A cruising boat is a fiendishly complicated piece of kit - not quite up there with a 747, but working on it. It manages to combine all the technical accoutrements of a vessel designed to transport itself across the high seas with all those found in a house. There are so many subsystems that it's almost inevitable that there will be at least one or two bits on the blink at any given time. Keeping it all in order is a constant, and usually doomed, battle against the laws of thermodynamics. In order to minimise the potential for disaster, I give all the seagoing and navigation bits a quick check-over a couple of days prior to leaving our winter berth.
So it was that, a couple of days before we intended to make our second attempt to leave, I switched on and waggled all the navigation gizmos. The chartplotter refused to get a GPS fix. Much poking with a multimeter later, supplemented by puzzled looks and riffling through instruction books, it became apparent that the GPS receiver (just two days off a year old) was what we scientists call knackered.
We were less than ecstatic.

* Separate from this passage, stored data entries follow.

lemma mat_diag_canonical_sort:
  fixes \<sigma> :: "nat \<Rightarrow> real"
  assumes \<sigma>: "\<forall>k<m. 0 \<le> \<sigma> k \<and> \<sigma> k \<le> 1"
  shows "\<exists>P p q (r :: nat) ms (s :: nat \<Rightarrow> real). P \<in> unitary_mat m \<and>
    (\<forall>j<r. ms j > 0) \<and> (\<forall>j<r. 0 < s j \<and> s j < 1) \<and> (\<forall>i j. i < j \<and> j < r \<longrightarrow> s j < s i) \<and>
    p + q + (\<Sum>j<r. ms j) = m \<and>
    P * mat_diag m (\<lambda>k. complex_of_real (\<sigma> k)) * adjoint_mat P
      = diag_block_mat ([1\<^sub>m p, 0\<^sub>m q q] @ map (\<lambda>j. complex_of_real (s j) \<cdot>\<^sub>m 1\<^sub>m (ms j)) [0..<r])"
proof -
  obtain p q :: nat and ms :: "nat \<Rightarrow> nat" and s :: "nat \<Rightarrow> real" and r :: nat
    where M: "mset (map \<sigma> [0..<m]) = replicate_mset p 1 + replicate_mset q 0 + (\<Sum>j<r. replicate_mset (ms j) (s j))"
      and ms: "\<forall>j<r. ms j > 0" and s: "\<forall>j<r. 0 < s j \<and> s j < 1"
      and dec: "\<forall>i j. i < j \<and> j < r \<longrightarrow> s j < s i"
    using group_unit_interval_values[OF \<sigma>] by blast
  define ns where "ns = block_sizes p q r ms"
  define d where "d i = block_values r s (block_index ns i)" for i
  have mset_d: "mset (map d [0..<sum_list ns]) = mset (map \<sigma> [0..<m])"
    unfolding M d_def ns_def by (rule mset_canonical_values)
  then have m: "sum_list ns = m" using mset_eq_length[OF mset_d] by simp
  then have msum: "p + q + (\<Sum>j<r. ms j) = m" by (simp add: ns_def sum_list_block_sizes)
  obtain P where P: "P \<in> unitary_mat m"
    and PD: "P * mat_diag m (\<lambda>k. complex_of_real (\<sigma> k)) * adjoint_mat P = mat_diag m (\<lambda>i. complex_of_real (d i))"
  proof (rule mat_diag_rearrange[THEN exE])
    show "mset (map (\<lambda>i. complex_of_real (d i)) [0..<m]) = mset (map (\<lambda>k. complex_of_real (\<sigma> k)) [0..<m])"
      using arg_cong[OF mset_d, of "image_mset complex_of_real"] unfolding m
      by (simp only: mset_map[symmetric] map_map comp_def)
  qed blast
  have D: "mat_diag m (\<lambda>i. complex_of_real (d i))
      = diag_block_mat ([1\<^sub>m p, 0\<^sub>m q q] @ map (\<lambda>j. complex_of_real (s j) \<cdot>\<^sub>m 1\<^sub>m (ms j)) [0..<r])"
    unfolding canonical_diag_block_mat m[symmetric] ns_def d_def ..
  show ?thesis
    by (rule exI[of _ P], rule exI[of _ p], rule exI[of _ q], rule exI[of _ r], rule exI[of _ ms], rule exI[of _ s])
      (use P PD D ms s dec msum in simp)
qed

It was still blowing a hooley and the forecast weather window in two days time was only expected to last a short while before the next load of crap came rolling in from the west. This could put our leaving date back to the first week in June or later, and we were due to meet Chris in Kalamata on the twelfth.

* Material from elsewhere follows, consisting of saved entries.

definition tle :: "'a tree \<Rightarrow> 'a node \<Rightarrow> 'a node \<Rightarrow> bool" where
  "tle T x y \<longleftrightarrow> snd T x y \<or> x = y"

definition tcomp :: "'a tree \<Rightarrow> 'a node \<Rightarrow> 'a node \<Rightarrow> bool" where
  "tcomp T x y \<longleftrightarrow> tle T x y \<or> tle T y x"

definition tchain :: "'a tree \<Rightarrow> 'a node set \<Rightarrow> bool" where
  "tchain T B \<longleftrightarrow> B \<subseteq> fst T \<and> (\<forall>x\<in>B. \<forall>y\<in>B. tcomp T x y)"

definition tbranch :: "'a tree \<Rightarrow> 'a node set \<Rightarrow> bool" where
  "tbranch T B \<longleftrightarrow> tchain T B \<and> (\<forall>C. tchain T C \<and> B \<subseteq> C \<longrightarrow> C = B)"

text \<open>Membership in the class A: a tree on {root} union X (X subset of omega_1),
levels lev_alpha inside [omega alpha, omega alpha + omega), height omega_1,
normal, no uncountable branch.\<close>
definition in_A :: "'a::wellorder tree \<Rightarrow> bool" where
  "in_A T \<longleftrightarrow>
     (let N = fst T; R = snd T in
       None \<in> N
     \<and> (\<forall>x y. R x y \<longrightarrow> x \<in> N \<and> y \<in> N)
     \<and> (\<forall>x\<in>N. \<not> R x x)
     \<and> (\<forall>x\<in>N. \<forall>y\<in>N. \<forall>z\<in>N. R x y \<longrightarrow> R y z \<longrightarrow> R x z)
     \<and> (\<forall>x\<in>N. x \<noteq> None \<longrightarrow> R None x)
     \<and> (\<forall>x\<in>N. \<forall>y\<in>N. \<forall>z\<in>N. R y x \<longrightarrow> R z x \<longrightarrow> tcomp T y z)
     \<and> (\<forall>x\<in>N. \<forall>y\<in>N. x \<noteq> None \<longrightarrow> y \<noteq> None \<longrightarrow> R x y \<longrightarrow> ht x < ht y)
     \<and> (\<forall>x\<in>N. x \<noteq> None \<longrightarrow> (\<forall>\<beta><ht x. \<exists>y\<in>tlev T \<beta>. R y x))
     \<and> (\<forall>\<alpha>. tlev T \<alpha> \<noteq> {})
     \<and> (\<forall>\<delta>. is_limit \<delta> \<longrightarrow> (\<forall>x\<in>tlev T \<delta>. \<forall>y\<in>tlev T \<delta>.
           {z. R z x} = {z. R z y} \<longrightarrow> x = y))
     \<and> (\<forall>B. tbranch T B \<longrightarrow> countable B))"

definition tmeet :: "'a tree \<Rightarrow> 'a node \<Rightarrow> 'a node \<Rightarrow> 'a node" where
  "tmeet T x y = (THE z. z \<in> fst T \<and> tle T z x \<and> tle T z y \<and>
                    (\<forall>w\<in>fst T. tle T w x \<and> tle T w y \<longrightarrow> tle T w z))"

definition tperp :: "'a tree \<Rightarrow> 'a node \<Rightarrow> 'a node \<Rightarrow> bool" where
  "tperp T x y \<longleftrightarrow> \<not> tcomp T x y"

text \<open>ht(a) > ht(b) where the root has height -1.\<close>
definition ht_gt :: "'a::wellorder node \<Rightarrow> 'a node \<Rightarrow> bool" where
  "ht_gt a b \<longleftrightarrow> a \<noteq> None \<and> (b = None \<or> ht b < ht a)"

definition sp_dom :: "'a::wellorder tree \<Rightarrow> 'a tree \<Rightarrow> ('a node \<times> 'a node) set" where
  "sp_dom T1 T2 = (\<Union>\<delta>\<in>{\<delta>. is_limit \<delta>}. tlev T1 \<delta> \<times> tlev T2 \<delta>)"

definition in_A2sp :: "'a::wellorder tree \<Rightarrow> 'a tree \<Rightarrow> ('a node \<times> 'a node \<Rightarrow> nat) \<Rightarrow> bool" where
  "in_A2sp T1 T2 c \<longleftrightarrow> in_A T1 \<and> in_A T2 \<and>
     (\<forall>p\<in>sp_dom T1 T2. \<forall>q\<in>sp_dom T1 T2. c p = c q \<longrightarrow> p \<noteq> q \<longrightarrow>
        (let (x1, y1) = p; (x2, y2) = q in
           ht x1 \<noteq> ht x2 \<and> tperp T1 x1 x2 \<and> tperp T2 y1 y2
           \<and> ht_gt (tmeet T1 x1 x2) (tmeet T2 y1 y2)))"

definition weakly_embeddable :: "'a tree \<Rightarrow> 'a tree \<Rightarrow> bool" where
  "weakly_embeddable T1 T2 \<longleftrightarrow> (\<exists>f. (\<forall>x\<in>fst T1. f x \<in> fst T2) \<and>
     (\<forall>x\<in>fst T1. \<forall>y\<in>fst T1. snd T1 x y \<longrightarrow> snd T2 (f x) (f y)))"

end

theory Submission
  imports Defs
begin

text \<open>Suppose \<open>f\<close> maps \<open>T\<^sub>1\<close> strictly increasingly into \<open>T\<^sub>2\<close>.
  By induction on height, \<open>ht x \<le> ht (f x)\<close>. The limit levels \<open>\<delta>\<close> that are
  closed under \<open>f\<close> (nodes of height below \<open>\<delta>\<close> are mapped below \<open>\<delta>\<close>) form an
  uncountable set. On each of them pick \<open>x\<close> in \<open>T\<^sub>1\<close> and the node \<open>y\<close> of
  \<open>T\<^sub>2\<close> on the same level below \<open>f x\<close>; two of these pairs get the same colour.
  The meet \<open>z\<close> of their first coordinates lies strictly below both, so \<open>f z\<close>,
  having height below both levels, lies below both second coordinates and hence below their
  meet \<open>m\<close>. Thus \<open>ht z \<le> ht (f z) \<le> ht m\<close>, contradicting the colouring
  requirement \<open>ht z > ht m\<close>.\<close>

lemma in_A_root: "in_A T \<Longrightarrow> None \<in> fst T"
  unfolding in_A_def Let_def by (elim conjE)

lemma in_A_field [rule_format]: "in_A T \<Longrightarrow> \<forall>x y. snd T x y \<longrightarrow> x \<in> fst T \<and> y \<in> fst T"
  unfolding in_A_def Let_def by (elim conjE)

lemma in_A_irrefl [rule_format]: "in_A T \<Longrightarrow> \<forall>x\<in>fst T. \<not> snd T x x"
  unfolding in_A_def Let_def by (elim conjE)

lemma in_A_trans_on [rule_format]:
  "in_A T \<Longrightarrow> \<forall>x\<in>fst T. \<forall>y\<in>fst T. \<forall>z\<in>fst T. snd T x y \<longrightarrow> snd T y z \<longrightarrow> snd T x z"
  unfolding in_A_def Let_def by (elim conjE)

lemma in_A_root_less [rule_format]: "in_A T \<Longrightarrow> \<forall>x\<in>fst T. x \<noteq> None \<longrightarrow> snd T None x"
  unfolding in_A_def Let_def by (elim conjE)

lemma in_A_preds_comparable_on [rule_format]:
  "in_A T \<Longrightarrow> \<forall>x\<in>fst T. \<forall>y\<in>fst T. \<forall>z\<in>fst T. snd T y x \<longrightarrow> snd T z x \<longrightarrow> tcomp T y z"
  unfolding in_A_def Let_def by (elim conjE)

lemma in_A_ht_less_on [rule_format]:
  "in_A T \<Longrightarrow> \<forall>x\<in>fst T. \<forall>y\<in>fst T. x \<noteq> None \<longrightarrow> y \<noteq> None \<longrightarrow> snd T x y \<longrightarrow> ht x < ht y"
  unfolding in_A_def Let_def by (elim conjE)

lemma in_A_pred_at_level [rule_format]:
  "in_A T \<Longrightarrow> \<forall>x\<in>fst T. x \<noteq> None \<longrightarrow> (\<forall>\<beta><ht x. \<exists>y\<in>tlev T \<beta>. snd T y x)"
  unfolding in_A_def Let_def by (elim conjE)

lemma in_A_level_nonempty [rule_format]: "in_A T \<Longrightarrow> \<forall>\<alpha>. tlev T \<alpha> \<noteq> {}"
  unfolding in_A_def Let_def by (elim conjE)

lemma in_A_normal [rule_format]:
  "in_A T \<Longrightarrow> \<forall>\<delta>. is_limit \<delta> \<longrightarrow>
     (\<forall>x\<in>tlev T \<delta>. \<forall>y\<in>tlev T \<delta>. {z. snd T z x} = {z. snd T z y} \<longrightarrow> x = y)"
  unfolding in_A_def Let_def by (elim conjE)

lemma in_A_trans: "in_A T \<Longrightarrow> snd T x y \<Longrightarrow> snd T y z \<Longrightarrow> snd T x z"
  using in_A_trans_on in_A_field by blast

lemma in_A_preds_comparable: "in_A T \<Longrightarrow> snd T y x \<Longrightarrow> snd T z x \<Longrightarrow> tcomp T y z"
  using in_A_preds_comparable_on in_A_field by blast

lemma in_A_ht_less: "in_A T \<Longrightarrow> snd T x y \<Longrightarrow> x \<noteq> None \<Longrightarrow> y \<noteq> None \<Longrightarrow> ht x < ht y"
  using in_A_ht_less_on in_A_field by blast

lemma in_A_not_less_root: "in_A T \<Longrightarrow> \<not> snd T x None"
  by (metis in_A_field in_A_irrefl in_A_root_less in_A_trans)

lemma tlev_iff: "x \<in> tlev T \<alpha> \<longleftrightarrow> x \<in> fst T \<and> x \<noteq> None \<and> ht x = \<alpha>"
  by (simp add: tlev_def)

lemma tle_trans: "in_A T \<Longrightarrow> tle T a b \<Longrightarrow> tle T b c \<Longrightarrow> tle T a c"
  unfolding tle_def using in_A_trans by blast

lemma tle_antisym: "in_A T \<Longrightarrow> tle T a b \<Longrightarrow> tle T b a \<Longrightarrow> a = b"
  unfolding tle_def using in_A_trans in_A_irrefl in_A_field by blast

lemma tle_common_upper_comparable: "in_A T \<Longrightarrow> tle T a x \<Longrightarrow> tle T b x \<Longrightarrow> tcomp T a b"
  using in_A_preds_comparable unfolding tle_def tcomp_def by blast

lemma tle_ht: "in_A T \<Longrightarrow> tle T a b \<Longrightarrow> a \<noteq> None \<Longrightarrow> b \<noteq> None \<and> ht a \<le> ht b"
  unfolding tle_def using in_A_ht_less in_A_not_less_root by (metis order.strict_implies_order order_refl)

lemma in_A_level_below:
  assumes "in_A T" "v \<in> fst T" "v \<noteq> None" "\<alpha> \<le> ht v"
  shows "\<exists>p\<in>tlev T \<alpha>. tle T p v"
proof (cases "\<alpha> = ht v")
  case True
  then show ?thesis using assms by (auto simp: tlev_iff tle_def)
next
  case False
  then have "\<alpha> < ht v" using assms(4) by simp
  then show ?thesis using in_A_pred_at_level[OF assms(1-3)] unfolding tle_def by blast
qed

lemma tle_common_upper_ht_le:
  assumes T: "in_A T" and "tle T w v" "tle T l v" "l \<noteq> None" "ht w \<le> ht l"
  shows "tle T w l"
proof -
  have "tcomp T w l" using tle_common_upper_comparable[OF T] assms(2,3) .
  then show ?thesis
    using assms(4,5) in_A_ht_less[OF T] in_A_not_less_root[OF T] unfolding tcomp_def tle_def
    by (metis leD)
qed

lemma in_A_preds_of_level:
  assumes T: "in_A T" and q: "q \<in> tlev T \<eta>" and qv: "tle T q v"
  shows "{w. snd T w q} = {w. snd T w v \<and> (w = None \<or> ht w < \<eta>)}"
proof (rule set_eqI, rule iffI)
  have qN: "q \<in> fst T" "q \<noteq> None" "ht q = \<eta>" using q by (auto simp: tlev_iff)
  {
    fix w assume "w \<in> {w. snd T w q}"
    then have wq: "snd T w q" by simp
    have "snd T w v" using wq qv in_A_trans[OF T] unfolding tle_def by blast
    moreover have "w = None \<or> ht w < \<eta>" using in_A_ht_less[OF T wq _ qN(2)] qN(3) by blast
    ultimately show "w \<in> {w. snd T w v \<and> (w = None \<or> ht w < \<eta>)}" by simp
  next
    fix w assume "w \<in> {w. snd T w v \<and> (w = None \<or> ht w < \<eta>)}"
    then have wv: "snd T w v" and w: "w = None \<or> ht w < \<eta>" by auto
    show "w \<in> {w. snd T w q}"
    proof (cases "w = None")
      case True
      then show ?thesis using in_A_root_less[OF T qN(1,2)] by simp
    next
      case False
      with w have "ht w < \<eta>" by blast
      then have "ht w \<le> ht q" using qN(3) by simp
      then have "tle T w q" using tle_common_upper_ht_le[OF T _ qv qN(2)] wv unfolding tle_def by blast
      moreover have "w \<noteq> q" using w False qN(3) by auto
      ultimately show ?thesis unfolding tle_def by simp
    qed
  }
qed

definition strict_sup :: "'a::wellorder set \<Rightarrow> 'a" where
  "strict_sup H = (LEAST \<gamma>. \<forall>h\<in>H. h < \<gamma>)"

lemma strict_sup_greater: "\<forall>h\<in>H. h < u \<Longrightarrow> h \<in> H \<Longrightarrow> h < strict_sup H"
  unfolding strict_sup_def by (rule LeastI2[of _ u]) auto

lemma strict_sup_le: "\<forall>h\<in>H. h < u \<Longrightarrow> strict_sup H \<le> u"
  unfolding strict_sup_def by (rule Least_le)

lemma less_strict_sup: "\<beta> < strict_sup H \<Longrightarrow> \<exists>h\<in>H. \<beta> \<le> h"
  unfolding strict_sup_def using not_less_Least by (fastforce simp: not_less)

lemma is_limit_strict_sup:
  assumes "h0 \<in> H" "\<forall>h\<in>H. h < u" "\<And>h. h \<in> H \<Longrightarrow> \<exists>h'\<in>H. h < h'"
  shows "is_limit (strict_sup H)"
  unfolding is_limit_def
  using assms strict_sup_greater less_strict_sup by (meson order.strict_trans1)

lemma in_A_segment_preds:
  assumes T: "in_A T" and v: "v \<in> fst T"
    and root: "None \<in> L" and below: "\<forall>w\<in>L. snd T w v"
    and down: "\<forall>w\<in>fst T. \<forall>l\<in>L. tle T w l \<longrightarrow> w \<in> L"
    and no_max: "\<forall>l\<in>L. \<exists>w\<in>L. snd T l w"
  defines "\<eta> \<equiv> strict_sup (ht ` (L - {None}))"
  shows "is_limit \<eta>" and "\<exists>p\<in>tlev T \<eta>. tle T p v \<and> {w. snd T w p} = L"
proof -
  define H where "H = ht ` (L - {None})"
  have vN: "v \<noteq> None" using below root in_A_not_less_root[OF T] by metis
  have H_below: "\<forall>h\<in>H. h < ht v"
    using below in_A_ht_less[OF T] vN unfolding H_def by blast
  have H_no_max: "\<exists>h'\<in>H. h < h'" if "h \<in> H" for h
  proof -
    from that obtain l where l: "l \<in> L" "l \<noteq> None" "h = ht l" unfolding H_def by blast
    then obtain w where w: "w \<in> L" "snd T l w" using no_max by blast
    then have "w \<noteq> None" using in_A_not_less_root[OF T] by metis
    then have "ht w \<in> H" "h < ht w"
      using w l in_A_ht_less[OF T w(2)] unfolding H_def by auto
    then show ?thesis by blast
  qed
  obtain w0 where w0: "w0 \<in> L" "snd T None w0" using no_max root by blast
  then have "w0 \<noteq> None" using in_A_irrefl[OF T] in_A_root[OF T] by metis
  then have "ht w0 \<in> H" using w0 unfolding H_def by blast
  then show "is_limit \<eta>"
    using is_limit_strict_sup[OF _ H_below H_no_max] unfolding \<eta>_def H_def by blast
  have H_less: "\<forall>h\<in>H. h < \<eta>"
    using strict_sup_greater[OF H_below] unfolding \<eta>_def H_def by blast
  have "\<eta> \<le> ht v" using strict_sup_le[OF H_below] unfolding \<eta>_def H_def .
  then obtain p where p: "p \<in> tlev T \<eta>" "tle T p v" using in_A_level_below[OF T v vN] by blast
  have "L = {w. snd T w v \<and> (w = None \<or> ht w < \<eta>)}"
  proof (rule set_eqI, rule iffI)
    fix w assume "w \<in> L"
    then show "w \<in> {w. snd T w v \<and> (w = None \<or> ht w < \<eta>)}"
      using below H_less unfolding H_def by blast
  next
    fix w assume "w \<in> {w. snd T w v \<and> (w = None \<or> ht w < \<eta>)}"
    then have wv: "snd T w v" and w: "w = None \<or> ht w < \<eta>" by auto
    show "w \<in> L"
    proof (cases "w = None")
      case False
      then obtain l where l: "l \<in> L" "l \<noteq> None" "ht w \<le> ht l"
        using w less_strict_sup unfolding \<eta>_def by blast
      then have "tle T w l" using tle_common_upper_ht_le[OF T] wv below unfolding tle_def by blast
      then show ?thesis using down in_A_field[OF T wv] l(1) by blast
    qed (use root in simp)
  qed
  then show "\<exists>p\<in>tlev T \<eta>. tle T p v \<and> {w. snd T w p} = L"
    using p in_A_preds_of_level[OF T p] by blast
qed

I tried 'phoning the guy in Irakleon who had been so helpful previously, but couldn't get through so we hired a car the next day and shot off to Irakleon on spec. As luck would have it he was in. As luck wouldn't have it he had installed his last GPS receiver in a boat in Ag. Nik two days previously. As luck would have it, he said he could get one from Athens in less than 24 hours and, as luck would have it yet again, he was due to be in Ag. Nik the next day for another job. He said he'd bring the receiver along and fit it, which he did, leaving us 18 hours grace to get the boat ready and clear off.
At 4:45 the next morning, we drugged the cat to within an inch (25mm) of its life and got the boat ready for sea. I started the engine and switched on all the gizmos. The chartplotter refused to work at all. Not a bleep or a glimmer. Zilch. Nada.

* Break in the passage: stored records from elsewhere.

(* Let $\mathcal{C}\subset\mathbb{R}^n$ be a bounded open convex set with Hilbert distance $d_{\mathcal{C}}$ and Finsler norm $\|\cdot\|_{\mathcal{C}}$, let $x\in\mathcal{C}$ and $R>0$. Then $$\left(\frac{e^{2R}-1}{2e^{2R}}\right)^n\leq\frac{\mathrm{vol}_e B_R(x)}{\mathrm{vol}_e TB_1(x)}\leq\left(\frac{e^{2R}-1}{2}\right)^n .$$
   Context: $d_{\mathcal{C}}(p,q)=\frac12\ln\Big(\frac{\|q-a\|_e}{\|p-a\|_e}\cdot\frac{\|p-b\|_e}{\|q-b\|_e}\Big)$, where the line through distinct $p,q$ meets $\partial\mathcal{C}$ in $a,b$ with $a,p,q,b$ in this order. Finsler norm $\|u\|_{\mathcal{C}}=\frac12\|u\|_e\big(\frac1{\|p-p^+\|_e}+\frac1{\|p-p^-\|_e}\big)$ for $u\in T_p\mathcal{C}=\mathbb{R}^n$, $p^\pm$ the intersections of the line $p+\mathbb{R}u$ with $\partial\mathcal{C}$. $B_R(x)=\{y\in\mathcal{C}:d_{\mathcal{C}}(x,y)<R\}$, $TB_1(x)=\{u\in\mathbb{R}^n:\|u\|_{\mathcal{C}}<1\}$ (norm at $x$); $\mathrm{vol}_e$ Euclidean volume. *)

theory Defs
  imports "HOL-Analysis.Analysis"
begin

text \<open>The boundary point hit by the open ray from p in direction u (u \<noteq> 0).
  For a bounded open convex set C and p \<in> C this point exists and is unique.\<close>
definition ray_exit :: "'a::euclidean_space set \<Rightarrow> 'a \<Rightarrow> 'a \<Rightarrow> 'a" where
  "ray_exit C p u = (THE q. q \<in> frontier C \<and> (\<exists>t>0. q = p + t *\<^sub>R u))"

text \<open>Hilbert distance: the line through p, q meets the boundary in a, b with
  a, p, q, b in this order.\<close>
definition hilbert_dist :: "'a::euclidean_space set \<Rightarrow> 'a \<Rightarrow> 'a \<Rightarrow> real" where
  "hilbert_dist C p q =
    (if p = q then 0
     else (let a = ray_exit C p (p - q); b = ray_exit C p (q - p)
           in ln ((norm (q - a) / norm (p - a)) * (norm (p - b) / norm (q - b))) / 2))"

text \<open>Finsler norm at p of the tangent vector u; p^+ and p^- are the intersections of
  the line p + R u with the boundary.\<close>
definition finsler_norm :: "'a::euclidean_space set \<Rightarrow> 'a \<Rightarrow> 'a \<Rightarrow> real" where
  "finsler_norm C p u =
    (if u = 0 then 0
     else norm u / 2 * (1 / norm (p - ray_exit C p u) + 1 / norm (p - ray_exit C p (- u))))"

definition hilbert_ball :: "'a::euclidean_space set \<Rightarrow> 'a \<Rightarrow> real \<Rightarrow> 'a set" where
  "hilbert_ball C x R = {y \<in> C. hilbert_dist C x y < R}"

definition tangent_unit_ball :: "'a::euclidean_space set \<Rightarrow> 'a \<Rightarrow> 'a set" where
  "tangent_unit_ball C x = {u. finsler_norm C x u < 1}"

end

theory Submission
  imports Defs
begin

text \<open>Let \<open>g\<close> be the Minkowski gauge of \<open>C\<close> centred at \<open>x\<close>, so that the ray from \<open>x\<close> in
  direction \<open>u\<close> leaves \<open>C\<close> at \<open>x + u / g u\<close>, and let \<open>E = exp (2 R)\<close>. The Finsler unit ball
  at \<open>x\<close> is \<open>{u. g u + g (-u) < 2}\<close>, and evaluating the cross ratio at these boundary points
  shows that the Hilbert ball is \<open>{x + v. E g v + g (-v) < E - 1}\<close>. Since \<open>g\<close> is positively
  homogeneous and \<open>E \<ge> 1\<close>, the Hilbert ball contains the Finsler unit ball scaled by
  \<open>(E - 1) / (2 E)\<close> and is contained in it scaled by \<open>(E - 1) / 2\<close> (both translated to \<open>x\<close>),
  and a homothety of ratio \<open>c\<close> multiplies volumes by \<open>c\<^sup>n\<close>.\<close>

lemma measure_affine_image_le:
  fixes S T :: "'a::euclidean_space set"
  assumes "S \<in> lmeasurable" "T \<in> lmeasurable" "(\<lambda>v. c *\<^sub>R v + b) ` S \<subseteq> T"
  shows "\<bar>c\<bar> ^ DIM('a) * measure lebesgue S \<le> measure lebesgue T"
proof -
  have "emeasure lebesgue ((\<lambda>v. c *\<^sub>R v + b) ` S) \<le> emeasure lebesgue T"
    using assms(2,3) by (intro emeasure_mono) auto
  then have "ennreal (\<bar>c\<bar> ^ DIM('a)) * ennreal (measure lebesgue S) \<le> ennreal (measure lebesgue T)"
    unfolding emeasure_lebesgue_affine emeasure_eq_measure2[OF assms(1)]
      emeasure_eq_measure2[OF assms(2)] .
  then show ?thesis
    by (simp add: ennreal_mult'[symmetric] ennreal_le_iff)
qed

This was starting to get beyond a joke.
Liz entered pout mode and started to put the boat back into harbour mode. I entered strop mode, stamped my feet and tried seeing if swearing at it could cajole it into working. This innovative technique proved ineffective.
Calming down and waving a meter at it did work though, showing that the problem was corroded terminals in the power supply. We cast off a mere 45 minutes behind schedule.
Trips to the anchorage at Nisos Dhia and thence on to Rethymnon proved uneventful, and we stayed at Rethymnon for three days to sit out the aforementioned yet another load of crap. Then we set off for the anchorage at Gramvoussa at the far western end of Crete.
We mentioned, did we not, that although the wind can, and does, come at you from all points of the compass the weather systems themselves invariably come in from the west. There was a cracker sitting out there right then, straddling Sardinia. This would take a few days to get to us and blow our socks off. At that moment, there was no wind at all where we were. This, however, did not stop our friendly little depression from sending in an advance guard.
Right, now pay attention.
In deep water, the speed of a wave = √gL/2∏ (*)
Glad I told you that? Thought you would be.
What it actually means is that the longer the wavelength, the faster the wave travels. That's why tsunamis travel so quickly, crossing oceans in a few hours. A storm generates waves of many different wavelengths, but the long wavelengths rush ahead, travelling much faster than the actual weather system generating them. So they arrive several days ahead of the nasty stuff. A sort of oceanographic "Woo oo - we're coming to get you!"
Which is what we had - a nasty big swell with no wind to fill the sails and stop the boat from throwing itself all over the place.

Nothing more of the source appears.